• Aim of the task
How many lines of these entries hold the string "shows"? Reply with the number alone.
[Opening Task input section]
lemma character_on_extends_to_character:
  fixes H :: "'a::{ring_1,finite} set"
  assumes "add_subgroup H" "character_on H \<psi>"
  shows "\<exists>\<Psi>. character \<Psi> \<and> (\<forall>x\<in>H. \<Psi> x = \<psi> x)"
  using assms
proof (induction "card (UNIV - H)" arbitrary: H \<psi> rule: less_induct)
  case less
  show ?case
  proof (cases "H = UNIV")
    case True
    then show ?thesis using less.prems by (auto simp: character_on_UNIV_iff)
  next
    case False
    then obtain g where g: "g \<notin> H" by blast
    define m where "m = add_order_mod H g"
    note m = add_order_mod_pos_mult_mem[OF less.prems(1), of g, folded m_def]
    have "\<psi> (of_nat m * g) \<noteq> 0" using m(2) less.prems(2) unfolding character_on_def by blast
    then obtain w where "w ^ m = \<psi> (of_nat m * g)" using complex_nth_root_exists m(1) by metis
    then obtain \<psi>' where \<psi>': "character_on (adjoin H g) \<psi>'" "\<forall>x\<in>H. \<psi>' x = \<psi> x"
      using character_on_adjoin[OF less.prems] by (metis m_def)
    have "UNIV - adjoin H g \<subset> UNIV - H"
      using subset_adjoin mem_adjoin[OF less.prems(1)] g by blast
    then have "card (UNIV - adjoin H g) < card (UNIV - H)" by (intro psubset_card_mono) auto
    from less.hyps[OF this add_subgroup_adjoin[OF less.prems(1)] \<psi>'(1)] \<psi>'(2) subset_adjoin
    show ?thesis by fastforce
  qed
qed

lemma characters_separate_points:
  fixes d :: "'a::{ring_1,finite}" assumes "d \<noteq> 0"
  obtains \<psi> where "character \<psi>" "\<psi> d \<noteq> 1"
proof -
  have H0: "add_subgroup {0::'a}" and \<psi>0: "character_on {0::'a} (\<lambda>_. 1)"
    by (simp_all add: add_subgroup_def character_on_def)
  define m where "m = add_order_mod {0} d"
  note m = add_order_mod_pos_mult_mem[OF H0, of d, folded m_def]
  have "2 \<le> m" using m assms by (cases "m = 1") auto
  then obtain w :: complex where w: "w ^ m = 1" "w \<noteq> 1" by (rule nontrivial_root_of_unity)
  obtain \<psi>' where \<psi>': "character_on (adjoin {0} d) \<psi>'" "\<psi>' d = w"
    using character_on_adjoin[OF H0 \<psi>0, of w d] w by (auto simp: m_def)
  obtain \<Psi> where "character \<Psi>" "\<forall>x\<in>adjoin {0} d. \<Psi> x = \<psi>' x"
    using character_on_extends_to_character[OF add_subgroup_adjoin[OF H0] \<psi>'(1)] by blast
  then show ?thesis using that mem_adjoin[OF H0] \<psi>'(2) w(2) by metis
qed
(* Let $\phi$ be a smooth nonnegative function on $\mathbb{R}^d$ such that for some $r>0$, $R>0$: $\phi(x)>0$ for $|x|\le r$ and $\phi(x)=0$ for $|x|\ge R$. Let $\Phi$ be smooth with $\Phi\to+\infty$ at infinity, and let $f\ge0$ be a smooth (sufficiently decaying) solution of $$f_t+v\cdot\nabla_xf-\operatorname{div}_v(f\nabla_x\Phi)+\operatorname{div}_v\big(f(\tilde u-v)\big)=0.$$ Let $\mathcal E(t)=\int_{\mathbb{R}^{2d}}(\frac{|v|^2}2+\Phi(x))f(x,v,t)\,dx\,dv$. Then there is a constant $C$ depending only on $\phi$, of order $\frac{\sup_{B_R(0)}\phi}{\inf_{B_r(0)}\phi}\left(\frac Rr\right)^d$, such that $\mathcal E(t)\le\mathcal E(0)e^{Ct}$ for all $t\ge0$.
   Context: $\rho=\int f\,dv$, $j=\int vf\,dv$; $\tilde\rho=\phi\star\rho=\int\phi(x-y)\rho(y)\,dy$ and $\tilde u=\frac{\int\phi(x-y)j(y)\,dy}{\tilde\rho}$ where $\tilde\rho\ne0$ ($\tilde u=0$ elsewhere). *)

theory Defs
  imports "HOL-Analysis.Analysis"
begin

definition dir_deriv :: "('a::real_normed_vector \<Rightarrow> real) \<Rightarrow> 'a \<Rightarrow> 'a \<Rightarrow> real" where
  "dir_deriv g x e = deriv (\<lambda>s. g (x + s *\<^sub>R e)) 0"

text \<open>Iterated directional derivatives (innermost direction last in the list).\<close>
fun iter_dir_deriv :: "'a::real_normed_vector list \<Rightarrow> ('a \<Rightarrow> real) \<Rightarrow> 'a \<Rightarrow> real" where
  "iter_dir_deriv [] g = g"
| "iter_dir_deriv (e # es) g = (\<lambda>x. dir_deriv (iter_dir_deriv es g) x e)"

definition smooth_fun :: "('a::euclidean_space \<Rightarrow> real) \<Rightarrow> bool" where
  "smooth_fun g \<longleftrightarrow>
     (\<forall>es. set es \<subseteq> Basis \<longrightarrow>
        continuous_on UNIV (iter_dir_deriv es g) \<and>
        (\<forall>e\<in>Basis. \<forall>x. (\<lambda>s. iter_dir_deriv es g (x + s *\<^sub>R e)) differentiable (at 0)))"

definition grad_d :: "(real^'d \<Rightarrow> real) \<Rightarrow> real^'d \<Rightarrow> real^'d" where
  "grad_d g x = (\<chi> i. dir_deriv g x (axis i 1))"

definition div_d :: "(real^'d \<Rightarrow> real^'d) \<Rightarrow> real^'d \<Rightarrow> real" where
  "div_d F x = (\<Sum>i\<in>UNIV. dir_deriv (\<lambda>y. F y $ i) x (axis i 1))"
lemma concat_runs_Nil [simp]: "concat_runs [] = []"
  and concat_runs_Cons [simp]: "concat_runs ((x, n) # L) = replicate n x @ concat_runs L"
  by (simp_all add: concat_runs_def)

lemma runs_Cons_shape: "\<exists>n r. runs (x # xs) = (x, n) # r"
  by (cases "runs xs") (auto split: prod.splits)

lemma concat_runs_runs: "concat_runs (runs w) = w"
  by (induction w) (auto split: list.splits prod.splits)

lemma proper_runs_runs: "proper_runs (runs w)"
proof (induction w)
  case (Cons x xs)
  then show ?case
    by (cases "runs xs") (auto simp: proper_runs_def successively_Cons split: prod.splits)
qed (simp add: proper_runs_def)

lemma runs_replicate_append:
  assumes "0 < n" "ys = [] \<or> hd ys \<noteq> x"
  shows "runs (replicate n x @ ys) = (x, n) # runs ys"
  using assms(1)
proof (induction n)
  case (Suc n)
  show ?case
  proof (cases "n = 0")
    case True
    then show ?thesis using assms(2) runs_Cons_shape[of "hd ys" "tl ys"] by (cases ys) auto
  qed (use Suc in simp)
qed simp

lemma proper_runs_Cons: "proper_runs ((x, n) # L) \<longleftrightarrow> 0 < n \<and> proper_runs L \<and> (L = [] \<or> fst (hd L) \<noteq> x)"
  by (cases L) (auto simp: proper_runs_def)

lemma hd_concat_runs: "proper_runs L \<Longrightarrow> L \<noteq> [] \<Longrightarrow> concat_runs L \<noteq> [] \<and> hd (concat_runs L) = fst (hd L)"
  by (cases L) (auto simp: proper_runs_Cons)

lemma runs_concat_runs: "proper_runs L \<Longrightarrow> runs (concat_runs L) = L"
proof (induction L)
  case (Cons p L)
  obtain x n where p: "p = (x, n)" by (cases p)
  have v: "0 < n" "proper_runs L" "L = [] \<or> fst (hd L) \<noteq> x" using Cons.prems unfolding p proper_runs_Cons by auto
  have "concat_runs L = [] \<or> hd (concat_runs L) \<noteq> x"
  proof (cases "L = []")
    case False then show ?thesis using hd_concat_runs[OF v(2) False] v(3) by auto
  qed simp
  then show ?case using runs_replicate_append[of n "concat_runs L" x] v Cons.IH p by simp
qed simp

lemma letter_runs_concat_runs: "proper_runs L \<Longrightarrow> letter_runs i (concat_runs L) = run_lengths i L"
proof (induction L)
  case (Cons p L)
  obtain x n where p: "p = (x, n)" by (cases p)
  have L: "0 < n" "proper_runs L" "L = [] \<or> fst (hd L) \<noteq> x"
    using Cons.prems unfolding p proper_runs_Cons by auto
  let ?r = "map (\<lambda>y. y = i) (concat_runs L)"
  have IH: "true_runs 0 ?r = run_lengths i L" using Cons.IH L(2) unfolding letter_runs_def by simp
  show ?case
  proof (cases "x = i")
    case True
    have "?r = [] \<or> hd ?r = False"
      using hd_concat_runs[OF L(2)] L(3) True by (cases "L = []") (auto simp: hd_map)
    then show ?thesis
      using True IH p L(1) by (simp add: letter_runs_def run_lengths_def true_runs_replicate_True true_runs_flush)
  next
    case False
    then show ?thesis using IH p true_runs_0_replicate_False unfolding letter_runs_def run_lengths_def by simp
  qed
qed (simp add: letter_runs_def run_lengths_def)

lemma letter_runs_eq_run_lengths: "letter_runs i w = run_lengths i (runs w)"
  using letter_runs_concat_runs[OF proper_runs_runs, of i w] concat_runs_runs[of w] by simp

lemma count_list_map_fst: "count_list (map fst L) i = length (run_lengths i L)"
  by (induction L) (auto simp: run_lengths_def)

lemma set_concat_runs: "proper_runs L \<Longrightarrow> set (concat_runs L) = fst ` set L"
proof (induction L)
  case (Cons p L)
  obtain x n where p: "p = (x, n)" by (cases p)
  then show ?case using Cons proper_runs_Cons[of x n L] by auto
qed simp

lemma run_lengths_inj: "map fst L = map fst L' \<Longrightarrow> (\<forall>i. run_lengths i L = run_lengths i L') \<Longrightarrow> L = L'"
proof (induction L arbitrary: L')
  case Nil then show ?case by simp
next
  case (Cons p L)
  obtain p' L'' where L': "L' = p' # L''" using Cons.prems(1) by (cases L') auto
  have f: "fst p = fst p'" "map fst L = map fst L''" using Cons.prems(1) L' by auto
  have c: "run_lengths (fst p) (p # L) = run_lengths (fst p) (p' # L'')" using Cons.prems(2) L' by blast
  then have s: "snd p = snd p'" using f unfolding run_lengths_def by simp
  have "run_lengths i L = run_lengths i L''" for i
  proof -
    have "run_lengths i (p # L) = run_lengths i (p' # L'')" using Cons.prems(2) L' by blast
    then show ?thesis using f(1) unfolding run_lengths_def by (cases "fst p = i") simp_all
  qed
  then have "L = L''" using Cons.IH f by blast
  then show ?case using L' f s by (simp add: prod_eq_iff)
qed

fun interleave_runs :: "'a list \<Rightarrow> ('a \<Rightarrow> nat list) \<Rightarrow> ('a \<times> nat) list" where
  "interleave_runs [] c = []"
| "interleave_runs (x # s) c = (x, hd (c x)) # interleave_runs s (c(x := tl (c x)))"

lemma interleave_runs_correct:
  "(\<forall>i. count_list s i = length (c i)) \<Longrightarrow> map fst (interleave_runs s c) = s \<and> (\<forall>i. run_lengths i (interleave_runs s c) = c i)"
proof (induction s arbitrary: c)
  case Nil
  then show ?case by (auto simp: run_lengths_def)
next
  case (Cons x s)
  let ?c = "c(x := tl (c x))"
  have "\<forall>i. count_list s i = length (?c i)"
  proof
    fix i show "count_list s i = length (?c i)" using Cons.prems[rule_format, of i] by (cases "i = x") auto
  qed
  then have IH: "map fst (interleave_runs s ?c) = s" "\<forall>i. run_lengths i (interleave_runs s ?c) = ?c i" using Cons.IH by auto
  have "length (c x) = count_list s x + 1" using Cons.prems[rule_format, of x] by simp
  then have ne: "c x \<noteq> []" by auto
  have "run_lengths i (interleave_runs (x # s) c) = c i" for i
  proof (cases "i = x")
    case True
    then show ?thesis using IH(2) ne unfolding run_lengths_def by (simp add: True)
  next
    case False
    then show ?thesis using IH(2)[rule_format, of i] unfolding run_lengths_def by simp
  qed
  then show ?case using IH by simp
qed

lemma proper_runs_iff:
  "proper_runs L \<longleftrightarrow> (\<forall>i. 0 \<notin> set (run_lengths i L)) \<and> successively (\<noteq>) (map fst L)"
  by (force simp: proper_runs_def run_lengths_def successively_map)

lemma fst_set_runs: "fst ` set (runs w) = set w"
  using set_concat_runs[OF proper_runs_runs, of w] by (simp add: concat_runs_runs)

lemma run_lengths_notin: "i \<notin> fst ` set L \<Longrightarrow> run_lengths i L = []"
  by (induction L) (auto simp: run_lengths_def)

definition words_with_runs :: "'a set \<Rightarrow> ('a \<Rightarrow> nat list) \<Rightarrow> 'a list set" where
  "words_with_runs I c = {w. set w \<subseteq> I \<and> (\<forall>i\<in>I. letter_runs i w = c i)}"

definition smirnov_words :: "'a set \<Rightarrow> ('a \<Rightarrow> nat) \<Rightarrow> 'a list set" where
  "smirnov_words I r = {s. set s \<subseteq> I \<and> successively (\<noteq>) s \<and> (\<forall>i\<in>I. count_list s i = r i)}"

lemma bij_betw_words_with_runs:
  assumes "\<forall>i\<in>I. 0 \<notin> set (c i)"
  shows "bij_betw (\<lambda>w. map fst (runs w)) (words_with_runs I c) (smirnov_words I (\<lambda>i. length (c i)))"
proof (rule bij_betw_imageI)
  show "inj_on (\<lambda>w. map fst (runs w)) (words_with_runs I c)"
  proof (rule inj_onI)
    fix w w' assume w: "w \<in> words_with_runs I c" and w': "w' \<in> words_with_runs I c"
      and eq: "map fst (runs w) = map fst (runs w')"
    have "run_lengths i (runs w) = run_lengths i (runs w')" for i
    proof (cases "i \<in> I")
      case False
      then have "i \<notin> set w" "i \<notin> set w'" using w w' unfolding words_with_runs_def by auto
      then show ?thesis by (simp add: run_lengths_notin fst_set_runs)
    qed (use w w' in \<open>simp add: words_with_runs_def letter_runs_eq_run_lengths\<close>)
    then show "w = w'" using run_lengths_inj[OF eq] concat_runs_runs by metis
  qed
  show "(\<lambda>w. map fst (runs w)) ` words_with_runs I c = smirnov_words I (\<lambda>i. length (c i))"
  proof (intro equalityI subsetI)
    fix s assume "s \<in> (\<lambda>w. map fst (runs w)) ` words_with_runs I c"
    then obtain w where w: "w \<in> words_with_runs I c" "s = map fst (runs w)" by blast
    then show "s \<in> smirnov_words I (\<lambda>i. length (c i))"
      using proper_runs_runs[of w] fst_set_runs[of w]
      unfolding smirnov_words_def words_with_runs_def proper_runs_iff
      by (auto simp: count_list_map_fst letter_runs_eq_run_lengths)
  next
    fix s assume s: "s \<in> smirnov_words I (\<lambda>i. length (c i))"
    define c' where "c' i = (if i \<in> I then c i else [])" for i
    have "\<forall>i. count_list s i = length (c' i)"
      using s unfolding smirnov_words_def c'_def by (auto simp: count_list_0_iff)
    then obtain L where L: "map fst L = s" "\<And>i. run_lengths i L = c' i"
      using interleave_runs_correct by blast
    have "proper_runs L"
      using s assms unfolding proper_runs_iff L smirnov_words_def c'_def by auto
    then have "runs (concat_runs L) = L" "set (concat_runs L) = set s"
      using runs_concat_runs set_concat_runs L(1) by (metis, metis list.set_map)
    then have "concat_runs L \<in> words_with_runs I c"
      using s L(2) unfolding words_with_runs_def smirnov_words_def letter_runs_eq_run_lengths c'_def by simp
    then show "s \<in> (\<lambda>w. map fst (runs w)) ` words_with_runs I c"
      using \<open>runs (concat_runs L) = L\<close> L(1) by force
  qed
qed

lemma card_words_with_runs:
  "\<forall>i\<in>I. 0 \<notin> set (c i) \<Longrightarrow> card (words_with_runs I c) = card (smirnov_words I (\<lambda>i. length (c i)))"
  using bij_betw_words_with_runs bij_betw_same_card by blast

section \<open>Counting words by the runs of each letter\<close>

definition compositions :: "nat \<Rightarrow> nat list set" where
  "compositions a = {c. sum_list c = a \<and> 0 \<notin> set c}"

lemma length_le_sum_list: "0 \<notin> set c \<Longrightarrow> length c \<le> sum_list c"
  by (induction c) (auto simp: Suc_le_eq)

lemma finite_compositions: "finite (compositions a)"
proof (rule finite_subset)
  show "compositions a \<subseteq> {xs. set xs \<subseteq> {0..a} \<and> length xs \<le> a}"
    using length_le_sum_list member_le_sum_list unfolding compositions_def by fastforce
qed (rule finite_lists_length_le; simp)

lemma compositions_0: "compositions 0 = {[]}"
proof -
  have "c = []" if "c \<in> compositions 0" for c using that unfolding compositions_def by (cases c) auto
  then show ?thesis unfolding compositions_def by auto
qed

lemma compositions_pos: "0 < a \<Longrightarrow> compositions a = (\<Union>s\<in>{1..a}. (\<lambda>c. s # c) ` compositions (a - s))"
proof
  assume a: "0 < a"
  show "compositions a \<subseteq> (\<Union>s\<in>{1..a}. (\<lambda>c. s # c) ` compositions (a - s))"
  proof
    fix c assume c: "c \<in> compositions a"
    then obtain s c' where "c = s # c'" using a unfolding compositions_def by (cases c) auto
    then show "c \<in> (\<Union>s\<in>{1..a}. (\<lambda>c. s # c) ` compositions (a - s))" using c unfolding compositions_def
      by (auto intro!: bexI[of _ s])
  qed
  show "(\<Union>s\<in>{1..a}. (\<lambda>c. s # c) ` compositions (a - s)) \<subseteq> compositions a"
    unfolding compositions_def by auto
qed

lemma sum_compositions:
  "(\<Sum>c\<in>compositions a. f c) = (if a = 0 then f [] else (\<Sum>s\<in>{1..a}. \<Sum>c\<in>compositions (a - s). f (s # c)))"
proof (cases "a = 0")
  case False
  then have ca: "compositions a = (\<Union>s\<in>{1..a}. (\<lambda>c. s # c) ` compositions (a - s))" using compositions_pos by simp
  have "(\<Sum>c\<in>compositions a. f c) = (\<Sum>s\<in>{1..a}. \<Sum>c\<in>(\<lambda>c. s # c) ` compositions (a - s). f c)"
    unfolding ca using finite_compositions by (intro sum.UNION_disjoint) auto
  also have "\<dots> = (\<Sum>s\<in>{1..a}. \<Sum>c\<in>compositions (a - s). f (s # c))"
    by (simp add: sum.reindex inj_on_def comp_def)
  finally show ?thesis using False by simp
qed (simp add: compositions_0)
[Closing Task input section]
• Result for this task
3